Par un jugement n° 2206430 du 29 février 2024, le tribunal administratif de Toulouse a rejeté sa demande.
Procédure devant la cour :
Par une requête et des pièces, enregistrées les 13 et 19 septembre 2024 sous le n° 24TL02449, M. A, représenté par Me Njimbam, demande à la cour :
1°) d’annuler ce jugement du 29 février 2024 ;
2°) d’annuler l’arrêté du 6 septembre 2022 du préfet de la Haute-Garonne ;
3°) d’enjoindre au préfet de la Haute-Garonne de réexaminer sa situation dans un délai de quinze jours à compter de la notification de la décision à intervenir et, dans l’attente, de lui délivrer une autorisation provisoire de séjour, le tout sous astreinte de 100 euros par jour de retard ;
4°) de mettre à la charge de l’État, au titre des dispositions de l’article L. 761-1 du code de justice administrative, la somme de 1 200 euros à verser à son conseil en application du deuxième alinéa de l’article 37 de la loi du 10 juillet 1991 relative à l’aide juridique, sous réserve que son conseil renonce à percevoir la somme correspondant à la part contributive de l’État.
Il soutient que :
— la décision portant refus de délivrance d’un titre de séjour est insuffisamment motivée eu égard aux articles L. 211-6 à L. 211-8 du code des relations entre le public et l’administration ;
— elle est entachée d’une erreur manifeste d’appréciation eu égard aux articles L. 423-23 et L. 435-1 du code de l’entrée et du séjour des étrangers et du droit d’asile et à l’article 8 de la convention européenne de sauvegarde des droits de l’homme et des libertés fondamentales ;
— elle est entachée d’une erreur de droit eu égard aux articles L. 5221-2 et L. 5221-5 du code du travail ;
— la décision portant obligation de quitter le territoire français est insuffisamment motivée eu égard aux articles L. 211-6 à L. 211-8 du code des relations entre le public et l’administration ;
— la décision portant interdiction de retour sur le territoire français est insuffisamment motivé eu égard à l’article 3 de la loi du 11 juillet 1979 ;
— elle méconnaît son droit d’être entendu.
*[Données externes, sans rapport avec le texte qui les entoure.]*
lemma representable_if_finite:
  assumes A: "ideal I mu A" and "finite A"
  shows "\<exists>S :: ('i, 'i univ) struc. is_struct I mu S \<and> age I mu S = A"
proof -
  have "A \<noteq> {}" "A \<subseteq> Omega I mu" using A unfolding ideal_def by blast+
  then obtain Z where Z: "Z \<in> A" "\<forall>X\<in>A. type_le I mu X Z"
    using ideal_upper_bound[OF A \<open>finite A\<close>] by blast
  then obtain T where "T \<in> Z"
    using \<open>A \<subseteq> Omega I mu\<close> Omega_member_nonempty by blast
  then have "age I mu T = A"
    using age_subset_ideal[OF A Z(1) _ embedding_id] ideal_subset_age[OF A Z(1) _ Z(2)] by blast
  moreover have "inj_on (\<lambda>n. {({n}, \<lambda>_ _. False)} :: 'i univ) (fst T)"
    by (simp add: inj_on_def)
  then obtain S :: "('i, 'i univ) struc" where "is_struct I mu S" "isomorphic I mu S T"
    using ex_isomorphic_copy by blast
  ultimately show ?thesis using age_eq_if_isomorphic by blast
qed

section \<open>Induced substructures and unions of chains\<close>

definition substruct :: "('i, 'a) struc \<Rightarrow> ('i, 'a) struc \<Rightarrow> bool"
  where "substruct M N \<longleftrightarrow> fst M \<subseteq> fst N \<and> induced N (fst M) = M"

lemma embedding_substruct:
  assumes "substruct M N"
  shows "embedding I mu id M N"
proof -
  have "embedding I mu id (induced N (fst M)) N"
    using assms unfolding substruct_def by (blast intro: embedding_induced)
  then show ?thesis using assms unfolding substruct_def by simp
qed

lemma substruct_snd_iff:
  assumes "substruct M N"
  shows "snd M i xs \<longleftrightarrow> snd N i xs \<and> set xs \<subseteq> fst M"
proof -
  have "snd M i xs = snd (induced N (fst M)) i xs"
    using assms unfolding substruct_def by simp
  also have "\<dots> \<longleftrightarrow> snd N i xs \<and> set xs \<subseteq> fst M" by (simp add: induced_def)
  finally show ?thesis .
qed

lemma substruct_refl: "is_struct I mu M \<Longrightarrow> substruct M M"
  unfolding substruct_def by (simp add: induced_carrier)

lemma substruct_trans:
  assumes "substruct M N" "substruct N K"
  shows "substruct M K"
proof -
  have "induced K (fst M) = induced (induced K (fst N)) (fst M)"
    using assms(1) unfolding substruct_def by (simp add: induced_induced)
  then show ?thesis using assms unfolding substruct_def by auto
qed

lemma substruct_antisym:
  assumes "is_struct I mu N" "substruct M N" "substruct N M"
  shows "M = N"
proof -
  have "fst M = fst N" using assms(2,3) unfolding substruct_def by blast
  then show ?thesis using assms(1,2) induced_carrier unfolding substruct_def by metis
qed

lemma substruct_pullback:
  assumes M: "is_struct I mu M" and f: "embedding I mu f M C"
    and Y: "fst M \<subseteq> Y" and \<phi>: "\<forall>x\<in>fst M. \<phi> x = f x"
  shows "substruct M (pullback I mu C Y \<phi>)"
proof -
  have "snd (pullback I mu C Y \<phi>) i xs \<and> set xs \<subseteq> fst M \<longleftrightarrow> snd M i xs" for i xs
  proof (cases "set xs \<subseteq> fst M")
    case True
    have map_eq: "map \<phi> xs = map f xs" using True \<phi> by (auto intro: map_cong)
    have "snd (pullback I mu C Y \<phi>) i xs \<longleftrightarrow> i \<in> I \<and> length xs = mu i \<and> snd C i (map f xs)"
      using True Y unfolding pullback_def snd_conv map_eq by blast
    also have "\<dots> \<longleftrightarrow> snd M i xs"
      using True M f unfolding is_struct_def embedding_def by blast
    finally show ?thesis using True by blast
  next
    case False
    then show ?thesis using M unfolding is_struct_def by blast
  qed
  then show ?thesis
    using Y unfolding substruct_def pullback_def induced_def by (simp add: prod_eq_iff fun_eq_iff)
qed

definition chain_union :: "('i, 'a) struc set \<Rightarrow> ('i, 'a) struc"
  where "chain_union \<C> = ((\<Union>M\<in>\<C>. fst M), \<lambda>i xs. \<exists>M\<in>\<C>. snd M i xs)"

lemma is_struct_chain_union:
  assumes "\<And>M. M \<in> \<C> \<Longrightarrow> is_struct I mu M"
  shows "is_struct I mu (chain_union \<C>)"
proof (unfold is_struct_def, intro allI impI)
  fix i xs assume "snd (chain_union \<C>) i xs"
  then obtain M where "M \<in> \<C>" "snd M i xs" unfolding chain_union_def by auto
  then show "i \<in> I \<and> length xs = mu i \<and> set xs \<subseteq> fst (chain_union \<C>)"
    using assms[of M] unfolding is_struct_def chain_union_def by auto
qed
M. A a été admis au bénéfice de l’aide juridictionnelle totale par une décision du bureau d’aide juridictionnelle près le tribunal judiciaire de Toulouse du 9 août 2024.
Vu les autres pièces du dossier.
Vu :
— la convention européenne de sauvegarde des droits de l’homme et des libertés fondamentales ;
— le code de l’entrée et du séjour des étrangers et du droit d’asile ;
— le code des relations entre le public et l’administration ;
— le code du travail ;
— la loi n° 91-647 du 10 juillet 1991 ;
— le code de justice administrative.
Considérant ce qui suit :
1. M. A, ressortissant ghanéen, relève appel du jugement du 29 février 2024 par lequel le tribunal administratif de Toulouse a rejeté sa demande tendant à l’annulation de l’arrêté du 6 septembre 2022 par lequel le préfet de la Haute-Garonne a refusé de lui délivrer un titre de séjour, lui a fait obligation de quitter le territoire français dans un délai de trente jours, a fixé le pays de destination pour l’exécution de la mesure d’éloignement et lui a interdit le retour sur le territoire français pour une durée de six mois.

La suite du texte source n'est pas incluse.